La diaspora ha subito chiesto che con la pace e la fine dello stato di emergenza arrivino non solo benefici economici e commerciali, ma la libertà con il ripristino della Costituzione sospesa – che comporta il ritorno alla democrazia con un sistema giudiziario indipendente e libere elezioni – e la fine del servizio militare a vita. Questo dovrebbe bloccare l’esodo che porta ogni giorno almeno 5mila eritrei in Etiopia. Questi temi non sono stati ufficialmente affrontati nei colloqui all’Asmara e nei discorsi ufficiali dei due leader, ma il giorno dopo balzano al primo posto in agenda. Ci si chiede se e quando comincerà la transizione democratica in Eritrea e chi la guiderà, se il tempo del regime è finito o se il dittatore proverà a restare arroccato al potere. Domande che toccano le vite sospese di decine di migliaia di persone. Dai 40mila circa intrappolati in Israele che il governo stava per deportare in Ruanda e Uganda alle migliaia di prigionieri dei trafficanti e delle milizie in Libia ai 58mila accolti nei campi profughi della stessa Etiopia. Riguardano anche tanti richiedenti asilo in Europa e in Italia perché se torna la libertà nell’ex colonia primigenia cade la motivazione per cui viene concesso lo status di rifugiato. È inevitabile a questo punto un’amnistia per chi è in carcere come disertore e per chi è fuggito all’estero per evitare la leva a vita mentre il Segretario generale delle Nazioni Unite, Antonio Guterres ha dichiarato che non vede il motivo per cui le sanzioni proseguano.
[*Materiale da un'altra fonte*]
lemma card_cut_vertices_at_level_less:
  assumes "0 < n" and no_clique: "\<not> induced_sub (clique_star n) (V, E)"
    and no_star: "\<not> induced_sub (star_star n) (V, E)"
  shows "card {c \<in> cut_vertices (V, E) - {r}. level c = l} < (n + matching_bound n l) choose n"
proof (rule ccontr)
  assume "\<not> ?thesis"
  moreover obtain d where "level_matching l {c \<in> cut_vertices (V, E) - {r}. level c = l} id d"
    using level_matching_cut_vertices .
  ultimately obtain J where "card J = matching_bound n l" "induced_level_matching l J id d"
    using clique_star_or_induced_level_matching no_clique by (meson not_less)
  then show False
    using card_induced_level_matching_less[OF assms] by fastforce
qed

lemma card_cut_vertices_le:
  assumes "0 < n" and no_clique: "\<not> induced_sub (clique_star n) (V, E)"
    and no_star: "\<not> induced_sub (star_star n) (V, E)"
    and no_path: "\<not> induced_sub (path_graph n) (V, E)"
  shows "card (cut_vertices (V, E)) \<le> Suc (\<Sum>l<n. (n + matching_bound n l) choose n)"
proof -
  let ?C = "\<lambda>l. {c \<in> cut_vertices (V, E) - {r}. level c = l}"
  have "level c < n" if "c \<in> V" for c
    using induced_sub_path_graph[OF that, of n] no_path by linarith
  then have "cut_vertices (V, E) \<subseteq> insert r (\<Union>l<n. ?C l)"
    by auto
  then have "card (cut_vertices (V, E)) \<le> card (insert r (\<Union>l<n. ?C l))"
    using finite_vertices by (intro card_mono) auto
  also have "\<dots> \<le> Suc (card (\<Union>l<n. ?C l))"
    using finite_vertices by (simp add: card_insert_if)
  also have "\<dots> \<le> Suc (\<Sum>l<n. card (?C l))"
    using card_UN_le[of "{..<n}" ?C] by simp
  also have "\<dots> \<le> Suc (\<Sum>l<n. (n + matching_bound n l) choose n)"
    using card_cut_vertices_at_level_less[OF assms(1-3)] by (simp add: sum_mono less_imp_le)
  finally show ?thesis .
qed

end

lemma card_cut_vertices_bounded:
  fixes G :: "'a graph"
  assumes "is_graph G" "connected_graph G" "0 < n"
    and "\<not> induced_sub (clique_star n) G" "\<not> induced_sub (star_star n) G"
    "\<not> induced_sub (path_graph n) G"
  shows "card (cut_vertices G) \<le> Suc (\<Sum>l<n. (n + matching_bound n l) choose n)"
proof -
  obtain r where "r \<in> fst G"
    using assms(2) unfolding connected_graph_def by blast
  then interpret rooted_graph "fst G" "snd G" r
    using assms(1,2) by unfold_locales simp_all
  show ?thesis
    using card_cut_vertices_le assms(3-6) by simp
qed

theorem theorem1p7:
  fixes \<H> :: "nat graph set"
  assumes "\<forall>H\<in>\<H>. is_graph H"
  shows "(\<exists>c::nat. \<forall>G::nat graph. is_graph G \<and> connected_graph G \<and> H_free \<H> G \<longrightarrow>
            card {v \<in> fst G. sdeg G v \<ge> 2} < c)
     \<longleftrightarrow> (\<exists>n::nat. n > 0 \<and> fam_le \<H> {clique_star n, star_star n, path_graph n})"
proof
  assume "\<exists>c::nat. \<forall>G::nat graph. is_graph G \<and> connected_graph G \<and> H_free \<H> G \<longrightarrow>
            card {v \<in> fst G. sdeg G v \<ge> 2} < c"
  then obtain c where "\<forall>G::nat graph. is_graph G \<and> connected_graph G \<and> H_free \<H> G \<longrightarrow>
      card (cut_vertices G) < c"
    by blast
  then have "fam_le \<H> {clique_star (c + 2), star_star (c + 2), path_graph (c + 2)}"
    by (intro fam_le_obstructions_if_bounded) blast
  then show "\<exists>n::nat. n > 0 \<and> fam_le \<H> {clique_star n, star_star n, path_graph n}"
    by (intro exI[of _ "c + 2"]) simp
next
  assume "\<exists>n::nat. n > 0 \<and> fam_le \<H> {clique_star n, star_star n, path_graph n}"
  then obtain n where n: "0 < n" "fam_le \<H> {clique_star n, star_star n, path_graph n}"
    by blast
  let ?c = "Suc (Suc (\<Sum>l<n. (n + matching_bound n l) choose n))"
  have "card (cut_vertices G) < ?c" if "is_graph G" "connected_graph G" "H_free \<H> G" for G :: "nat graph"
    using card_cut_vertices_bounded[OF that(1,2) n(1)] not_induced_sub_if_fam_le[OF n(2) that(3)]
    by simp
  then show "\<exists>c::nat. \<forall>G::nat graph. is_graph G \<and> connected_graph G \<and> H_free \<H> G \<longrightarrow>
      card {v \<in> fst G. sdeg G v \<ge> 2} < c"
    by blast
qed

end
Non sarà dunque un processo semplice. Se in Etiopia il premier – che a tre mesi dalla nomina ha già deciso la liberazione dei prigionieri politici e compiuto questo passo storico – deve affrontare la resistenza dei tigrini, che rivendicano i territori restituiti all’Asmara, e le pretese nazionaliste sul porto eritreo di Assab, in Eritrea occorre curare sofferenze decennali. Don Mosè Zerai, il prete dei migranti, egli stesso profugo eritreo, ha detto parole giuste: serve una riconciliazione nazionale che permetta a tutti di tornare e ricostruire il Paese.